## [Stored data entries]
(* Let $t$ be an indeterminate, let $\mathbf K$ be an infinite subset of $\mathbb C\setminus\{0,1\}$, and let $\mathbb F$ be a subring of $\mathbb C(t)$ with $$\mathbb C[t,t^{-1}]\subseteq \mathbb F\subseteq\{f/g : f,g\in\mathbb C[t],\ g(1)\neq 0,\ g(\lambda)\neq0\ \forall \lambda\in\mathbf K\}.$$ Let $A$ be the $\mathbb F$-algebra generated by $x_1,\dots,x_n$ subject to finitely many relations, each an $\mathbb F$-linear combination of monomials in the $x_j$. Assume $t-1$ is a nonzero, nonunit, non-zero-divisor of $A$ and that $A_1:=A/(t-1)A$ is commutative; let $\gamma_1:A\to A_1$ be the canonical map, and regard $A_1$ as a Poisson algebra with bracket $\{\gamma_1(a),\gamma_1(b)\}=\gamma_1((t-1)^{-1}(ab-ba))$. For $\lambda\in\mathbf K$ let $A_\lambda$ be the $\mathbb C$-algebra generated by $x_1,\dots,x_n$ subject to the same relations with all coefficients evaluated at $t=\lambda$, and let $\gamma_\lambda:A\to A_\lambda$ be the $\mathbb C$-algebra map with $t\mapsto\lambda$, $x_j\mapsto x_j$. Let $\widehat A=\prod_{\lambda\in\mathbf K}A_\lambda$ and $\gamma:A\to\widehat A$, $\gamma(a)=(\gamma_\lambda(a))_{\lambda}$. Assume there is an $\mathbb F$-basis $\{\xi_i\}$ of $A$ whose images under $\gamma_1$ and under each $\gamma_\lambda$ ($\lambda\in\mathbf K$) are $\mathbb C$-bases of $A_1$ and $A_\lambda$ respectively. Then $\gamma$ is injective, and with $\Gamma=\gamma_1\gamma^{-1}:\gamma(A)\to A_1$, for every ideal $I$ of $\widehat A$ the set $\Gamma(I\cap\gamma(A))$ is a Poisson ideal of $A_1$.
   Context: A Poisson algebra is a commutative $\mathbb C$-algebra with a Lie bracket $\{-,-\}$ satisfying $\{ab,c\}=a\{b,c\}+\{a,c\}b$. An ideal $J$ of a Poisson algebra is a Poisson ideal if $\{J,A_1\}\subseteq J$. The injectivity of $\gamma$ (needed to define $\Gamma$) is established in the paper separately. *)

theory Defs
  imports "HOL-Computational_Algebra.Polynomial"
          "HOL-Computational_Algebra.Fraction_Field" "HOL-Algebra.QuotRing"
begin

type_synonym ratfun = "complex poly fract"

definition is_subring_set :: "ratfun set \<Rightarrow> bool" where
  "is_subring_set F \<longleftrightarrow> 0 \<in> F \<and> 1 \<in> F \<and>
     (\<forall>f\<in>F. \<forall>g\<in>F. f + g \<in> F \<and> f - g \<in> F \<and> f * g \<in> F)"

definition laurent_polys :: "ratfun set" where
  "laurent_polys = {Fract p (monom 1 k) | p k. True}"

definition admissible :: "complex set \<Rightarrow> ratfun set" where
  "admissible K = {Fract p q | p q. poly q 1 \<noteq> 0 \<and> (\<forall>l\<in>K. poly q l \<noteq> 0)}"

definition evalF :: "complex \<Rightarrow> ratfun \<Rightarrow> complex" where
  "evalF l f = (SOME v. \<exists>p q. f = Fract p q \<and> poly q l \<noteq> 0 \<and> v = poly p l / poly q l)"

text \<open>Free (noncommutative) algebra on x_0,...,x_(n-1) with coefficients in S:
  finitely supported functions from words (lists of letters < n) to S,
  with concatenation-convolution product.\<close>
definition free_alg :: "'c::comm_ring_1 set \<Rightarrow> nat \<Rightarrow> (nat list \<Rightarrow> 'c) ring" where
  "free_alg S n =
    \<lparr>carrier = {f. finite {w. f w \<noteq> 0} \<and> (\<forall>w. f w \<in> S) \<and> (\<forall>w. f w \<noteq> 0 \<longrightarrow> set w \<subseteq> {..<n})},
     mult = (\<lambda>f g w. \<Sum>i\<le>length w. f (take i w) * g (drop i w)),
     one = (\<lambda>w. if w = [] then 1 else 0),
     zero = (\<lambda>w. 0),
     add = (\<lambda>f g w. f w + g w)\<rparr>"

definition scal :: "'c::zero \<Rightarrow> nat list \<Rightarrow> 'c" where
  "scal c = (\<lambda>w. if w = [] then c else 0)"

definition relI :: "ratfun set \<Rightarrow> nat \<Rightarrow> (nat list \<Rightarrow> ratfun) set \<Rightarrow> (nat list \<Rightarrow> ratfun) set" where
  "relI F n R = genideal (free_alg F n) R"

definition algA :: "ratfun set \<Rightarrow> nat \<Rightarrow> (nat list \<Rightarrow> ratfun) set \<Rightarrow> (nat list \<Rightarrow> ratfun) set ring" where
  "algA F n R = free_alg F n Quot relI F n R"

definition scalA :: "ratfun set \<Rightarrow> nat \<Rightarrow> (nat list \<Rightarrow> ratfun) set \<Rightarrow> ratfun \<Rightarrow> (nat list \<Rightarrow> ratfun) set" where
  "scalA F n R c = relI F n R +>\<^bsub>free_alg F n\<^esub> scal c"

definition tm1 :: "ratfun set \<Rightarrow> nat \<Rightarrow> (nat list \<Rightarrow> ratfun) set \<Rightarrow> (nat list \<Rightarrow> ratfun) set" where
  "tm1 F n R = scalA F n R (Fract [:-1, 1:] 1)"

definition tI :: "ratfun set \<Rightarrow> nat \<Rightarrow> (nat list \<Rightarrow> ratfun) set \<Rightarrow> (nat list \<Rightarrow> ratfun) set set" where
  "tI F n R = genideal (algA F n R) {tm1 F n R}"

definition algA1 where
  "algA1 F n R = algA F n R Quot tI F n R"

definition gamma1 where
  "gamma1 F n R a = tI F n R +>\<^bsub>algA F n R\<^esub> a"

definition pbracket where
  "pbracket F n R X Y = (SOME z. \<exists>a b c. a \<in> carrier (algA F n R) \<and> b \<in> carrier (algA F n R)
      \<and> c \<in> carrier (algA F n R) \<and> gamma1 F n R a = X \<and> gamma1 F n R b = Y
      \<and> tm1 F n R \<otimes>\<^bsub>algA F n R\<^esub> c
          = a \<otimes>\<^bsub>algA F n R\<^esub> b \<ominus>\<^bsub>algA F n R\<^esub> b \<otimes>\<^bsub>algA F n R\<^esub> a
      \<and> z = gamma1 F n R c)"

## [Your task]
A word-for-word copy of the lines above from the one with "ratfun \<Rightarrow> (nat" through the one with "definition pbracket where", inclusive, is the only output wanted.

## [Result of this exercise]
definition scalA :: "ratfun set \<Rightarrow> nat \<Rightarrow> (nat list \<Rightarrow> ratfun) set \<Rightarrow> ratfun \<Rightarrow> (nat list \<Rightarrow> ratfun) set" where
  "scalA F n R c = relI F n R +>\<^bsub>free_alg F n\<^esub> scal c"

definition tm1 :: "ratfun set \<Rightarrow> nat \<Rightarrow> (nat list \<Rightarrow> ratfun) set \<Rightarrow> (nat list \<Rightarrow> ratfun) set" where
  "tm1 F n R = scalA F n R (Fract [:-1, 1:] 1)"

definition tI :: "ratfun set \<Rightarrow> nat \<Rightarrow> (nat list \<Rightarrow> ratfun) set \<Rightarrow> (nat list \<Rightarrow> ratfun) set set" where
  "tI F n R = genideal (algA F n R) {tm1 F n R}"

definition algA1 where
  "algA1 F n R = algA F n R Quot tI F n R"

definition gamma1 where
  "gamma1 F n R a = tI F n R +>\<^bsub>algA F n R\<^esub> a"

definition pbracket where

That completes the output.